Jesus Nebot is unquestionably the glue that holds this film together. It’s hard to have any sympathy for someone who runs over a small child and then deserts their responsibilities, but Nebot plays Pablo with such intensity not to mention compassion for his ultimate responsibility, his daughter, that we tend to sometimes overlook the error of his ways. This makes not only great acting, but also great directing by Nebot who shares credit with the also talented Julia Montejo. One should not forget Actress Lindsay Price’s role of Solid, the doc filmmaker, shooting Pablo’s run to freedom. Arrogant, yet sympathetic to the larger cause, her performance plays a good yin to the yang of Nebot’s.
The film also tackles the issues of immigration and how we deal with the situation of citizenship in the U.S.. The fact is Pablo IS an illegal immigrant who has killed a small child, yet he has the responsibility of his daughter to contend with.
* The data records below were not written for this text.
lemma nu_in_Q:
  assumes "0 \<le> u"
  shows "nu u \<alpha> \<in> Q u"
  unfolding Q_def nu_def
proof (intro CollectI conjI)
  show "prob_space (distr (measure_pmf (bernoulli_pmf \<alpha>)) borel (\<lambda>c. if c then (- u, 1) else (u, - 1)))"
    by (intro prob_space.prob_space_distr) (auto simp: measure_pmf.prob_space_axioms)
  show "AE z in distr (measure_pmf (bernoulli_pmf \<alpha>)) borel (\<lambda>c. if c then (- u, 1::real) else (u, - 1)).
          z \<in> {- u..u} \<times> {- 1, 1}"
    using assms by (subst AE_distr_iff) (auto intro!: borel_closed closed_Times)
qed simp

lemma measure_Q_in_unit: "M \<in> Q u \<Longrightarrow> measure M A \<in> {0..1}"
  unfolding Q_def by (auto intro: prob_space.prob_le_1)

lemma two_point_loss_nonneg: "\<alpha> \<in> {0..1} \<Longrightarrow> 0 \<le> two_point_loss u \<alpha> b"
  unfolding two_point_loss_def by (auto intro!: add_nonneg_nonneg mult_nonneg_nonneg hinge_nonneg)

lemma two_point_loss_zero: "0 \<le> u \<Longrightarrow> two_point_loss u \<alpha> 0 = 1 + u"
  unfolding two_point_loss_def hinge_def by (simp add: algebra_simps)

lemma continuous_on_two_point_loss: "continuous_on UNIV (two_point_loss u \<alpha>)"
  unfolding two_point_loss_def hinge_def by (intro continuous_intros)

lemma two_point_loss_lipschitz_weight:
  assumes "0 \<le> u" "\<bar>b\<bar> \<le> R"
  shows "\<bar>two_point_loss u \<alpha> b - two_point_loss u \<alpha>' b\<bar> \<le> (1 + u + R) * \<bar>\<alpha> - \<alpha>'\<bar>"
proof -
  have "\<bar>hinge 1 b (-u) 1 - hinge 1 b u (-1)\<bar> \<le> 1 + u + R"
    using assms unfolding hinge_def by auto
  then have "\<bar>\<alpha> - \<alpha>'\<bar> * \<bar>hinge 1 b (-u) 1 - hinge 1 b u (-1)\<bar> \<le> \<bar>\<alpha> - \<alpha>'\<bar> * (1 + u + R)"
    by (intro mult_left_mono) auto
  moreover have "two_point_loss u \<alpha> b - two_point_loss u \<alpha>' b
                 = (\<alpha> - \<alpha>') * (hinge 1 b (-u) 1 - hinge 1 b u (-1))"
    unfolding two_point_loss_def by (simp add: algebra_simps)
  ultimately show ?thesis by (simp add: abs_mult mult.commute)
qed

text \<open>Label \<open>1\<close> makes the hinge loss decreasing in \<open>x\<close>, label \<open>-1\<close> increasing.\<close>
lemma L_meas_le_two_point_loss:
  assumes "M \<in> Q u"
  shows "L_meas M 1 b \<le> two_point_loss u (measure M {z. snd z = 1}) b"
proof -
  from assms have "prob_space M" and sets: "sets M = sets borel"
    and ae: "AE z in M. z \<in> {-u..u} \<times> {-1, 1}"
    unfolding Q_def by auto
  interpret prob_space M by fact
  define A where "A = hinge 1 b (-u) 1"
  define B where "B = hinge 1 b u (-1)"
  define S where "S = {z::real \<times> real. snd z = 1}"
  have S: "S \<in> sets M"
    unfolding sets S_def by (intro borel_closed closed_Collect_eq continuous_intros)
  have measurable: "(\<lambda>z. hinge 1 b (fst z) (snd z)) \<in> borel_measurable M"
    unfolding measurable_cong_sets[OF sets refl] hinge_def
    by (intro borel_measurable_continuous_onI continuous_intros)
  have "AE z in M. norm (hinge 1 b (fst z) (snd z)) \<le> norm (1 + u + \<bar>b\<bar>)"
    using ae by eventually_elim (auto simp: hinge_def)
  then have integrable: "integrable M (\<lambda>z. hinge 1 b (fst z) (snd z))"
    by (rule Bochner_Integration.integrable_bound[OF integrable_const measurable])
  have "AE z in M. hinge 1 b (fst z) (snd z) \<le> B + (A - B) * indicator S z"
    using ae by eventually_elim (auto simp: A_def B_def S_def hinge_def indicator_def)
  then have "L_meas M 1 b \<le> (\<integral>z. B + (A - B) * indicator S z \<partial>M)"
    unfolding L_meas_def using S
    by (intro integral_mono_AE integrable)
      (auto intro!: Bochner_Integration.integrable_add integrable_real_indicator simp: less_top[symmetric])
  also have "\<dots> = B + (A - B) * measure M S"
    using S by (subst Bochner_Integration.integral_add)
      (auto simp: prob_space less_top[symmetric] intro!: integrable_real_indicator)
  finally show ?thesis
    unfolding A_def B_def S_def two_point_loss_def by (simp add: algebra_simps)
qed

lemma obj_nu:
  assumes "\<alpha> \<in> {0..1}"
  shows "obj g1 g2 s \<epsilon> (nu u \<alpha>) b = L_gmm (1/2) g1 s g2 s 1 b + \<epsilon> * two_point_loss u \<alpha> b"
  unfolding obj_def L_meas_nu[OF assms] ..

lemma obj_le_obj_nu:
  assumes "M \<in> Q u" "0 \<le> \<epsilon>"
  shows "obj g1 g2 s \<epsilon> M b \<le> obj g1 g2 s \<epsilon> (nu u (measure M {z. snd z = 1})) b"
  using mult_left_mono[OF L_meas_le_two_point_loss[OF assms(1)] assms(2)]
  unfolding obj_nu[OF measure_Q_in_unit[OF assms(1)]] unfolding obj_def by (rule add_left_mono)

lemma continuous_coercive_attains_min:
  fixes f :: "real \<Rightarrow> real"
  assumes cont: "continuous_on UNIV f" and coercive: "\<And>b. R < \<bar>b\<bar> \<Longrightarrow> f 0 < f b"
  shows "\<exists>b. \<bar>b\<bar> \<le> R \<and> (\<forall>y. f b \<le> f y)"
proof -
  have "0 \<le> R"
  proof (rule ccontr)
    assume "\<not> 0 \<le> R"
    then show False using coercive[of 0] by simp
  qed
  obtain b where b: "b \<in> {-R..R}" "\<forall>y\<in>{-R..R}. f b \<le> f y"
    using continuous_attains_inf[OF compact_Icc, of "-R" R f] continuous_on_subset[OF cont, of "{-R..R}"]
      \<open>0 \<le> R\<close> by auto
  have "f b \<le> f y" for y
  proof (cases "\<bar>y\<bar> \<le> R")
    case True
    then show ?thesis using b(2) by (simp add: abs_le_iff)
  next
    case False
    have "f b \<le> f 0" using b(2) \<open>0 \<le> R\<close> by simp
    then show ?thesis using coercive[of y] False by simp
  qed
  then show ?thesis
    using b(1) by (auto simp: abs_le_iff)
qed

text \<open>The minimisers can be taken in \<open>[-R,R]\<close> for every \<open>a\<close>, where the Lipschitz bound makes
  \<open>a \<mapsto> min\<^sub>b F a b\<close> Lipschitz as well.\<close>
lemma max_of_min_attained:
  fixes F :: "'a::metric_space \<Rightarrow> real \<Rightarrow> real"
  assumes "compact A" "A \<noteq> {}"
    and cont: "\<And>a. a \<in> A \<Longrightarrow> continuous_on UNIV (F a)"
    and coercive: "\<And>a b. a \<in> A \<Longrightarrow> R < \<bar>b\<bar> \<Longrightarrow> F a 0 < F a b"
    and lipschitz: "\<And>a a' b. a \<in> A \<Longrightarrow> a' \<in> A \<Longrightarrow> \<bar>b\<bar> \<le> R \<Longrightarrow> \<bar>F a b - F a' b\<bar> \<le> K * dist a a'"
  shows "\<exists>a\<in>A. \<exists>b. is_arg_min (F a) (\<lambda>_. True) b \<and> (\<forall>a'\<in>A. \<exists>b'. F a' b' \<le> F a b)"
proof -
  define bmin where "bmin a = (SOME b. \<bar>b\<bar> \<le> R \<and> (\<forall>y. F a b \<le> F a y))" for a
  have bmin: "\<bar>bmin a\<bar> \<le> R \<and> (\<forall>y. F a (bmin a) \<le> F a y)" if "a \<in> A" for a
    unfolding bmin_def
    by (rule someI_ex, rule continuous_coercive_attains_min[OF cont coercive]) (use that in auto)
  define G where "G a = F a (bmin a)" for a
  have G_le: "G a \<le> G a' + K * dist a a'" if "a \<in> A" "a' \<in> A" for a a'
  proof -
    have "G a \<le> F a (bmin a')"
      unfolding G_def using bmin[OF that(1)] by blast
    also have "\<dots> \<le> F a' (bmin a') + K * dist a a'"
      using lipschitz[OF that, of "bmin a'"] bmin[OF that(2)] by (auto simp: abs_le_iff)
    finally show ?thesis
      unfolding G_def .
  qed
  have "(max K 0)-lipschitz_on A G"
    unfolding lipschitz_on_def dist_real_def
  proof (intro conjI ballI)
    fix a a' assume "a \<in> A" "a' \<in> A"
    moreover have "K * dist a a' \<le> max K 0 * dist a a'"
      by (intro mult_right_mono) auto
    ultimately show "\<bar>G a - G a'\<bar> \<le> max K 0 * dist a a'"
      using G_le[of a a'] G_le[of a' a] by (auto simp: dist_commute abs_le_iff)
  qed simp
  then obtain a where "a \<in> A" "\<And>a'. a' \<in> A \<Longrightarrow> G a' \<le> G a"
    using continuous_attains_sup[OF assms(1,2) lipschitz_on_continuous_on] by blast
  then show ?thesis
    unfolding G_def is_arg_min_def using bmin by (meson not_less)
qed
In the end, who is Pablo really? A responsible and loving parent or a lawbreaker running from his mistakes? Again, hats off to Nebot for creating a piece of filmmaking that contains no easy answers for the audience and stirs the pot for debate.
The movie is based on real events about an amateur documentary filmmaker that showed footage of similar events to Nebot while looking for material to direct. One can only imagine the real events that happened and what the end result really was. In the case of “No Turning Back,” its conclusions are really its only flaw. Its final moments seem too contrived and even though we leave the film on a happy note, it would have been better suited to leave on a more realistic one.
Even still, “No Turning Back” is a compelling piece from these first time filmmakers. With juggling so many hats for an independent film, Nebot along with director/writer Julia Montejo manage to pull out all the stops and create a compelling drama with a little social message for good taste.